▸ SUPPLIED MATERIAL:
--*--

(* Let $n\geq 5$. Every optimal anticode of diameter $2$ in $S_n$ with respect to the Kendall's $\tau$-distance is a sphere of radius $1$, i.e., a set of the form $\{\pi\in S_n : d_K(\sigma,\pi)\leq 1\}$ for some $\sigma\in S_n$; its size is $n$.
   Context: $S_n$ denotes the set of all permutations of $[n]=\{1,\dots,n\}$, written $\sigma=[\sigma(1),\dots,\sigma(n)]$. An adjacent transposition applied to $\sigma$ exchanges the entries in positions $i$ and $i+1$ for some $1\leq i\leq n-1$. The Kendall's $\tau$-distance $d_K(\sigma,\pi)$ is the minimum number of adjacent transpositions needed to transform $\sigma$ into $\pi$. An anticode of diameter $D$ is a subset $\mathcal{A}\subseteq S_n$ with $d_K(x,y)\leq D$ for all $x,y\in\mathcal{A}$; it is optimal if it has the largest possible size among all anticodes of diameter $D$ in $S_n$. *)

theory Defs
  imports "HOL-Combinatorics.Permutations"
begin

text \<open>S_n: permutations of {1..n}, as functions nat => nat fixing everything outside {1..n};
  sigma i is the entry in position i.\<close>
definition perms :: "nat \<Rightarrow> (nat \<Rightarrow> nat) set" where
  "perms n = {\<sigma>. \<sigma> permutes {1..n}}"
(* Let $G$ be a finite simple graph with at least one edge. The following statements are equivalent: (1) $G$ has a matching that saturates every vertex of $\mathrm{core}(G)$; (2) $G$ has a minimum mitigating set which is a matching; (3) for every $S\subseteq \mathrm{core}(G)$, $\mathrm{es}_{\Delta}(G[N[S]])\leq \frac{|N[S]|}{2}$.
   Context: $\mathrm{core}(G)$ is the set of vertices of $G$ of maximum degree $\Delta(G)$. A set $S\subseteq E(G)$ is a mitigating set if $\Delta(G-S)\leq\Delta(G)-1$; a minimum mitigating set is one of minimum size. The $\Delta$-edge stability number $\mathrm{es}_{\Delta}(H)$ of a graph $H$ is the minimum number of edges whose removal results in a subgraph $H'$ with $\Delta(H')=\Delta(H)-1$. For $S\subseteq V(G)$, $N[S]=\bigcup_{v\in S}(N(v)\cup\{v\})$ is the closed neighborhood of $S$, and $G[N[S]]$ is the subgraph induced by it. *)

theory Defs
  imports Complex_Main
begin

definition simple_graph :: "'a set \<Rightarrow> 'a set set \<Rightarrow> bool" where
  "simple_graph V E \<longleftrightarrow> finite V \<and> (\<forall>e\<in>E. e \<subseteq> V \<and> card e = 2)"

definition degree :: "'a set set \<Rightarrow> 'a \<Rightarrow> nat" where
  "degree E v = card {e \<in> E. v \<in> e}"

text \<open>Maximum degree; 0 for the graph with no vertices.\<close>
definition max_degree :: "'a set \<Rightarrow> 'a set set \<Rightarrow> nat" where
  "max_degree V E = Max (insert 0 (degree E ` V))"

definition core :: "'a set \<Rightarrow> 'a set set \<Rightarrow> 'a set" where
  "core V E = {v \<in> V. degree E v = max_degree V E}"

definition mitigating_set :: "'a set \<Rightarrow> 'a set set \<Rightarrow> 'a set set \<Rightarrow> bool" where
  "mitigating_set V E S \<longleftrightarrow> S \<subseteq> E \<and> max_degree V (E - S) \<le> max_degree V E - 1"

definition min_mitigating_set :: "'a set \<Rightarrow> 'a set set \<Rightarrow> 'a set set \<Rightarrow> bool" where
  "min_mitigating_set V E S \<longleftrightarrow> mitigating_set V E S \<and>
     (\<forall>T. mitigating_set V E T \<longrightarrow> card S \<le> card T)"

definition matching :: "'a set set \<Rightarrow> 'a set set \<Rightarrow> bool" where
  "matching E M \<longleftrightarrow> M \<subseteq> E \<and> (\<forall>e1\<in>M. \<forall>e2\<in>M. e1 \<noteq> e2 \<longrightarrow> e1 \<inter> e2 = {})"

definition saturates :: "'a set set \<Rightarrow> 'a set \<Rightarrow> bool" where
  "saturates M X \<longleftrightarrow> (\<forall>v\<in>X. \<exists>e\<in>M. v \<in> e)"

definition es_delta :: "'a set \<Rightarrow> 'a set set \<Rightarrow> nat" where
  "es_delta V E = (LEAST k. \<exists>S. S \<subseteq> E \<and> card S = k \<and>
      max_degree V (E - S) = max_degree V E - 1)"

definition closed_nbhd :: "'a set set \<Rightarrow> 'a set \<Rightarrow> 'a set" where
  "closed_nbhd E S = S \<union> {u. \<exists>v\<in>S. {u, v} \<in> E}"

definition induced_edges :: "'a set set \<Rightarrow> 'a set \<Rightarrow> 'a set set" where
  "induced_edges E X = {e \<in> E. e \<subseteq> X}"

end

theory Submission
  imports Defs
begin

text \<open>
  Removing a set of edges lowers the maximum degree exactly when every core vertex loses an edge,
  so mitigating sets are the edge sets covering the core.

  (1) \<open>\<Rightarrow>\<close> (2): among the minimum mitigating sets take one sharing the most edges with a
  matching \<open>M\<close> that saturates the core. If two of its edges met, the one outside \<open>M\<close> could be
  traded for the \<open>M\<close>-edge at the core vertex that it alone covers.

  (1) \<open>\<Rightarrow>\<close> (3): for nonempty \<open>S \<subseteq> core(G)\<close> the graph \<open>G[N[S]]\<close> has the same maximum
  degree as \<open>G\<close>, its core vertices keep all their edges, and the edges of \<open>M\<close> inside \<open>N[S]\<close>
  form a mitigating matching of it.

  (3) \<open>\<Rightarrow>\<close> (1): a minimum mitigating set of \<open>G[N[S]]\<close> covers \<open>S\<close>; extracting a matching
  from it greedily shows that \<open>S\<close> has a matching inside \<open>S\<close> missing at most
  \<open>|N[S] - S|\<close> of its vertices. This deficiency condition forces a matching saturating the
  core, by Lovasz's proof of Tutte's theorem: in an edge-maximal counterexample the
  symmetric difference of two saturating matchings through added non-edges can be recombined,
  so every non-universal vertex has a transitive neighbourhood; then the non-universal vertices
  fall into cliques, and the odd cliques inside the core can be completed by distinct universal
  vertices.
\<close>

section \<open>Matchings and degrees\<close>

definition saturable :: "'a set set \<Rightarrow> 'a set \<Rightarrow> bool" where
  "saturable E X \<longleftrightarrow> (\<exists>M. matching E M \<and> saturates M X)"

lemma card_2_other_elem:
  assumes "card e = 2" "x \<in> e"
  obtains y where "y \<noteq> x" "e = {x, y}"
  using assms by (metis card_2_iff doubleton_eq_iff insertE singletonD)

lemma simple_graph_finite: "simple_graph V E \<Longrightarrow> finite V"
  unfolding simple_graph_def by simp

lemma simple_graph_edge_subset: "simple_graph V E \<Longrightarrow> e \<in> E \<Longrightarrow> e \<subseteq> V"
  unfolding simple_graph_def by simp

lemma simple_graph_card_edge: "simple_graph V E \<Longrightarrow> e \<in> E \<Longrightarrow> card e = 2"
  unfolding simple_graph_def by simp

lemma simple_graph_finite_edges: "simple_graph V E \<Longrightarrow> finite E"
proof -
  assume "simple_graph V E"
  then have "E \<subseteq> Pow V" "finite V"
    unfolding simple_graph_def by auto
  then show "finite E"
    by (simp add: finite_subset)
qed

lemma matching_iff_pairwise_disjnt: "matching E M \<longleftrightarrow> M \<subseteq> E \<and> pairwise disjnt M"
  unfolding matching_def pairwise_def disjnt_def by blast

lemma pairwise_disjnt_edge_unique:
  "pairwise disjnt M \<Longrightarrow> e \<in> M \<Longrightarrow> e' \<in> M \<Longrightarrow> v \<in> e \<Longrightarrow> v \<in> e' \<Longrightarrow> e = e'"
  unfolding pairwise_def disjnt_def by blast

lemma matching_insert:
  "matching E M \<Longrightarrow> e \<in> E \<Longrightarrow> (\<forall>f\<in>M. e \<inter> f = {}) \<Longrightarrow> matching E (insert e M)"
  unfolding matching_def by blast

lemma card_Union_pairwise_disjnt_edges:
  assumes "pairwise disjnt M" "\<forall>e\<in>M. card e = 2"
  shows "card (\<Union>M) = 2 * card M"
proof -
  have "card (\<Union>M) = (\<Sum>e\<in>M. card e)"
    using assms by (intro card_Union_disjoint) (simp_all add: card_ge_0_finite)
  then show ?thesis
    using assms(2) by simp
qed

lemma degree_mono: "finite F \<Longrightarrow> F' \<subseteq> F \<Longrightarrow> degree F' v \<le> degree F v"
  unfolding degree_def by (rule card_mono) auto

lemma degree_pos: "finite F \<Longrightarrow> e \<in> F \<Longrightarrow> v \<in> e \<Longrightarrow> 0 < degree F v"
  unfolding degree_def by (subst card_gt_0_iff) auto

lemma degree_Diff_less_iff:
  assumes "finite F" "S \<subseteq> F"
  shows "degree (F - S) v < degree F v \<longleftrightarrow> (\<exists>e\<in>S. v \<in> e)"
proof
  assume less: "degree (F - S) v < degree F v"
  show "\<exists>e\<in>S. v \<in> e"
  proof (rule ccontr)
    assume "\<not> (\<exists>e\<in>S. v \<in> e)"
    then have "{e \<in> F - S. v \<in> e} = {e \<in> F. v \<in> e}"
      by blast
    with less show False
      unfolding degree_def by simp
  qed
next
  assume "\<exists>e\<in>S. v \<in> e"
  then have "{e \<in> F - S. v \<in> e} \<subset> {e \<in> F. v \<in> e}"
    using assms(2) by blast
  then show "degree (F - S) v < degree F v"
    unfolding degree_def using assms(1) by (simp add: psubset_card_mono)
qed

--*--

▸ TASK GOAL: Reproduce exactly the lines from the one containing "unfolding degree_def using" through the last line of the records above, including both, and nothing else.

▸ COMPLETED TASK:
    unfolding degree_def using assms(1) by (simp add: psubset_card_mono)
qed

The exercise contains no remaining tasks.